Elbet ki bazı aksaklıklar ya da istenmeyen olaylar da yaşanmıyor değil!
Mesela, Mevlana müzesini gezen hakemler, görevli oldukları hentbol müsabakasını kaçırmışlar; Türk hakemler maçı yönetmek zorunda kalmışlar.
Bazı ekipler, müsabakalarının ardından ulaşım araçlarındaki sıkıntılar nedeniyle otellerine dönmekte zorlanmışlar.
Bir madalya seremonisinde, teknik sebeplerle İstiklal Marşımızın çalınamayışı ve atletizmde, yine teknik sebeplerle yarışların ilk üç günündeki sonuçların geçersiz sayılması, mini olimpiyat kategorisinde yer alabilecek, ev sahipliği yaptığımız bu organizasyona hiç ama hiç yakışmadı.
Erkek voleybol milli takımımızın, Katar milli takımına mağlubiyetinin ardından, Katarlı sporcuların saha içinden yaptıkları el kol hareketleri ve dahası, içlerinden birinin kendisini eli kılıçlı çöl bedevisi sanarak yaptığı boyun kesme hareketine diyecek söz bile bulamıyorum.

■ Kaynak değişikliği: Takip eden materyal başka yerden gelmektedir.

lemma gate_assign_config_HE:
  assumes r: "r \<in> {1..n}" and j: "j \<in> {1..Suc n}"
    and west: "\<forall>i\<in>{1..n}. west_bit n x i = (i = r)" and east: "\<forall>i\<in>{1..n}. east_bit n x i = (i = r)"
  shows "(i \<in> {1..n} \<and> gate_assign n lo hi P x (gate_config n lo hi x p1 p2) (HE i j)) = (i = r)"
proof -
  consider "j = 1" | "j \<in> {2..n}" | "j = Suc n" using j by force
  then show ?thesis using west east r by cases auto
qed

lemma gate_assign_config_AE:
  assumes "p1 \<in> P" "p2 \<in> P" "k = 1 \<or> k = 2"
  shows "gate_assign n lo hi P x (gate_config n lo hi x p1 p2) (AE k i j) = (k = 1 \<and> (i,j) = p1 \<or> k = 2 \<and> (i,j) = p2)"
  using assms by (cases "(i,j) \<in> P") (auto simp: gate_assign_apex_outside)

lemma gate_val_config:
  assumes P: "P \<subseteq> {lo..hi} \<times> {1..n}" and rows: "lo \<le> 1" "n \<le> hi"
    and p: "p1 \<in> P" "p2 \<in> P" and r: "r \<in> {1..n}"
    and west: "\<forall>i\<in>{1..n}. west_bit n x i = (i = r)" and east: "\<forall>i\<in>{1..n}. east_bit n x i = (i = r)"
  shows "gate_val n lo hi P (gate_assign n lo hi P x (gate_config n lo hi x p1 p2))
       = pair_weight (north_bit x) n r (south_bit n x) (Suc hi) p1 p2"
proof -
  let ?\<sigma> = "gate_assign n lo hi P x (gate_config n lo hi x p1 p2)"
  let ?p = "profile (north_bit x) p1 p2"
  have n: "0 < n" using r by simp
  note A = gate_assign_config_AE[OF p]
  have "(\<Prod>v\<in>{lo..hi} \<times> {1..n}. vertex_weight n ?\<sigma> v)
      = (\<Prod>(i,j)\<in>{lo..hi} \<times> {1..n}. PRE (?p i j) (i = r)
            (if i = hi then south_bit n x j else ?p (Suc i) j) (i = r) ((i,j) = p1) ((i,j) = p2))"
  proof (rule prod.cong[OF refl])
    fix v assume "v \<in> {lo..hi} \<times> {1..n}"
    then obtain i j where v: "v = (i,j)" "i \<in> {lo..hi}" "j \<in> {1..n}" by auto
    have "?\<sigma> (VE i j) = ?p i j" "?\<sigma> (VE (Suc i) j) = (if i = hi then south_bit n x j else ?p (Suc i) j)"
      using gate_assign_config_VE[OF P rows n p, of i j] gate_assign_config_VE[OF P rows n p, of "Suc i" j] v
      by auto
    moreover have "(i \<in> {1..n} \<and> ?\<sigma> (HE i (Suc j))) = (i = r)" "(i \<in> {1..n} \<and> ?\<sigma> (HE i j)) = (i = r)"
      using gate_assign_config_HE[OF r _ west east] v by auto
    moreover have "?\<sigma> (AE 1 i j) = ((i,j) = p1)" "?\<sigma> (AE 2 i j) = ((i,j) = p2)"
      using A by auto
    ultimately show "vertex_weight n ?\<sigma> v = (case v of (i,j) \<Rightarrow> PRE (?p i j) (i = r)
        (if i = hi then south_bit n x j else ?p (Suc i) j) (i = r) ((i,j) = p1) ((i,j) = p2))"
      unfolding v(1) vertex_weight.simps Suc_eq_plus1[symmetric] by simp
  qed
  also have "\<dots> = pair_weight (north_bit x) n r (south_bit n x) (Suc hi) p1 p2"
    by (rule prod_PRE_profile) (use p P r rows in auto)
  finally show ?thesis
    using HW1_apex_single[of p1 P ?\<sigma> 1] HW1_apex_single[of p2 P ?\<sigma> 2] p A by (simp add: gate_val_def)
qed

lemma sum_Pow_concentrated:
  fixes val :: "'e set \<Rightarrow> 'b::comm_monoid_add" and C :: "'p \<Rightarrow> 'p \<Rightarrow> 'e set"
  assumes "finite I" "finite P"
    and sub: "\<And>p1 p2. p1 \<in> P \<Longrightarrow> p2 \<in> P \<Longrightarrow> C p1 p2 \<subseteq> I"
    and inj: "\<And>p1 p2 q1 q2. C p1 p2 = C q1 q2 \<Longrightarrow> p1 = q1 \<and> p2 = q2"
    and support: "\<And>S. S \<subseteq> I \<Longrightarrow> val S \<noteq> 0 \<Longrightarrow> \<exists>p1\<in>P. \<exists>p2\<in>P. S = C p1 p2"
  shows "(\<Sum>S\<in>Pow I. val S) = (\<Sum>(p1,p2)\<in>P \<times> P. val (C p1 p2))"
proof -
  let ?C = "\<lambda>(p1,p2). C p1 p2"
  have "(\<Sum>S\<in>Pow I. val S) = (\<Sum>S\<in>?C ` (P \<times> P). val S)"
    by (rule sum.mono_neutral_right) (use assms in \<open>auto dest: support\<close>)
  also have "\<dots> = (\<Sum>p\<in>P \<times> P. val (?C p))"
    by (rule sum.reindex_cong[where l = ?C]) (auto simp: inj_on_def dest: inj)
  finally show ?thesis by (simp add: case_prod_unfold)
qed

lemma gate_sig_eq_0:
  assumes P: "P \<subseteq> {lo..hi} \<times> {1..n}" and rows: "lo \<le> 1" "n \<le> hi"
    and "\<not> (\<forall>i\<in>{1..n}. west_bit n x i = east_bit n x i)"
  shows "gate_sig n lo hi P x = 0"
  unfolding gate_sig_def by (rule sum.neutral) (use gate_val_nonzero_imp_config[OF P rows] assms(4) in blast)

lemma gate_sig_eq_sum_pair_value:
  assumes P: "P \<subseteq> {lo..hi} \<times> {1..n}" and rows: "lo \<le> 1" "n \<le> hi"
    and c: "c \<in> {1..n}" and r: "r \<in> {1..n}" and north: "\<forall>j\<in>{1..n}. north_bit x j = (j = c)"
    and west: "\<forall>i\<in>{1..n}. west_bit n x i = (i = r)" and east: "\<forall>i\<in>{1..n}. east_bit n x i = (i = r)"
  shows "gate_sig n lo hi P x = (\<Sum>(p1,p2)\<in>P \<times> P. pair_value n c r (south_bit n x) p1 p2)"
proof -
  have finP: "finite P" using P finite_subset by blast
  have "gate_sig n lo hi P x
      = (\<Sum>(p1,p2)\<in>P \<times> P. gate_val n lo hi P (gate_assign n lo hi P x (gate_config n lo hi x p1 p2)))"
    unfolding gate_sig_def
  proof (rule sum_Pow_concentrated)
    show "finite (gate_edges n {Suc lo..hi} P)" using finP by (simp add: finite_gate_edges)
  qed (use finP gate_config_subset gate_config_inj gate_val_nonzero_imp_config[OF P rows] in auto)
  also have "\<dots> = (\<Sum>(p1,p2)\<in>P \<times> P. pair_value n c r (south_bit n x) p1 p2)"
  proof (rule sum.cong[OF refl], clarify)
    fix a1 b1 a2 b2 assume "(a1,b1) \<in> P" "(a2,b2) \<in> P"
    moreover from this have "b1 \<in> {1..n}" "b2 \<in> {1..n}" "a1 < Suc hi" "a2 < Suc hi" using P by auto
    ultimately show "gate_val n lo hi P (gate_assign n lo hi P x (gate_config n lo hi x (a1,b1) (a2,b2)))
        = pair_value n c r (south_bit n x) (a1,b1) (a2,b2)"
      using pair_weight_eq_pair_value[OF _ _ c north] by (simp add: gate_val_config[OF P rows _ _ r west east])
  qed
  finally show ?thesis .
qed

section \<open>Boundary strings\<close>

lemma wpos_indicator:
  assumes "hw s = 1"
  shows "wpos s \<in> {1..length s}" "\<forall>k<length s. s ! k = (Suc k = wpos s)"
proof -
  have "card {k. k < length s \<and> s ! k} = 1"
    using assms by (simp add: hw_def length_filter_conv_card)
  then obtain k0 where "{k. k < length s \<and> s ! k} = {k0}" by (rule card_1_singletonE)
  then have k0: "k0 < length s" and sk: "\<And>k. k < length s \<Longrightarrow> s ! k = (k = k0)" by auto
  let ?P = "\<lambda>v. v \<in> {1..length s} \<and> s = replicate (v - 1) False @ True # replicate (length s - v) False"
  have "s = replicate k0 False @ True # replicate (length s - Suc k0) False"
    by (rule nth_equalityI) (use k0 sk in \<open>auto simp: nth_append nth_Cons'\<close>)
  then have "?P (Suc k0)" using k0 by simp
  moreover have "v = Suc k0" if "?P v" for v
  proof -
    from that obtain ys where "v \<in> {1..length s}" "s = replicate (v - 1) False @ True # ys" by blast
    then show ?thesis using sk[of "v - 1"] by (auto simp: nth_append)
  qed
  ultimately have "wpos s = Suc k0" unfolding wpos_def by (rule the_equality)
  then show "wpos s \<in> {1..length s}" "\<forall>k<length s. s ! k = (Suc k = wpos s)"
    using k0 sk by auto
qed

lemma ball_atLeastAtMost_Suc: "(\<forall>j\<in>{1..n}. P j) \<longleftrightarrow> (\<forall>k<n. P (Suc k))"
proof
  assume h: "\<forall>k<n. P (Suc k)"
  show "\<forall>j\<in>{1..n}. P j"
  proof
    fix j assume "j \<in> {1..n}"
    then have "j = Suc (j - 1)" "j - 1 < n" by auto
    then show "P j" using h by metis
  qed
qed auto

lemma blocks_length:
  assumes "length x = 4 * n"
  shows "length (xN n x) = n" "length (xE n x) = n" "length (xS n x) = n" "length (xW n x) = n"
  using assms by (simp_all add: xN_def xE_def xS_def xW_def)

lemma blocks_nth:
  assumes "length x = 4 * n" "k < n"
  shows "xN n x ! k = north_bit x (Suc k)" "xE n x ! k = east_bit n x (Suc k)"
    "xS n x ! k = south_bit n x (Suc k)" "xW n x ! k = west_bit n x (Suc k)"
  using assms by (simp_all add: xN_def xE_def xS_def xW_def north_bit_def east_bit_def south_bit_def west_bit_def)

lemma phi_prop_iff_bits:
  assumes "length x = 4 * n"
  shows "phi_prop n x \<longleftrightarrow> (\<forall>j\<in>{1..n}. north_bit x j = south_bit n x j)
                          \<and> (\<forall>i\<in>{1..n}. west_bit n x i = east_bit n x i)"
  unfolding phi_prop_def ball_atLeastAtMost_Suc
  by (simp add: list_eq_iff_nth_eq blocks_length[OF assms] blocks_nth[OF assms])

lemma phi_one_indicators:
  assumes "length x = 4 * n" "phi_one n x"
  shows "wpos (xN n x) \<in> {1..n}" "\<forall>j\<in>{1..n}. north_bit x j = (j = wpos (xN n x))"
    "wpos (xW n x) \<in> {1..n}" "\<forall>i\<in>{1..n}. west_bit n x i = (i = wpos (xW n x))"
  using assms(2) wpos_indicator[of "xN n x"] wpos_indicator[of "xW n x"]
  unfolding ball_atLeastAtMost_Suc
  by (auto simp: phi_one_def blocks_length[OF assms(1)] blocks_nth[OF assms(1)])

Bir futbolsever olarak Konyaspor’un başına gelenleri de yazmadan geçmeyelim; kendi futbol ligi bile olmayan ve komşu ülkenin liglerinde top koşturan Vaduz takımına elenmelerini, oyunların açılış törenleri ile tamamen bozulan Konya Büyükşehir Stadının zemininden kaynaklandığını düşünüyorum. Televizyondan maçı izlerken benim psikolojim bozuldu o sahayı görünce; futbolcu ne yapsın? Ve dahası, sonraki Başakşehir maçını da Eskişehir’de oynamak zorunda kaldı Konyaspor. Bir sonraki iç saha müsabakasına, zemin düzelir mi bilemiyorum?
Sonuç olarak;
Her ne kadar dinsel bir bölünme gibi algılansa da İslami Dayanışma Oyunları; ısrarla ve farklı ülkelerde, dünya spor standartları baz alınarak düzenlenmeye devam edilmeli! Ve hatta bir kısım uluslararası federasyonlarca da tanınması için gayret gösterilmeli! Afganistan, Pakistan, Suudi Arabistan ve benzeri ülkelerdeki çocuğa, gence ve kadına olan ve dahası spora, sanata ve kültüre olan bakış açısının başka şekilde düzeleceği yok!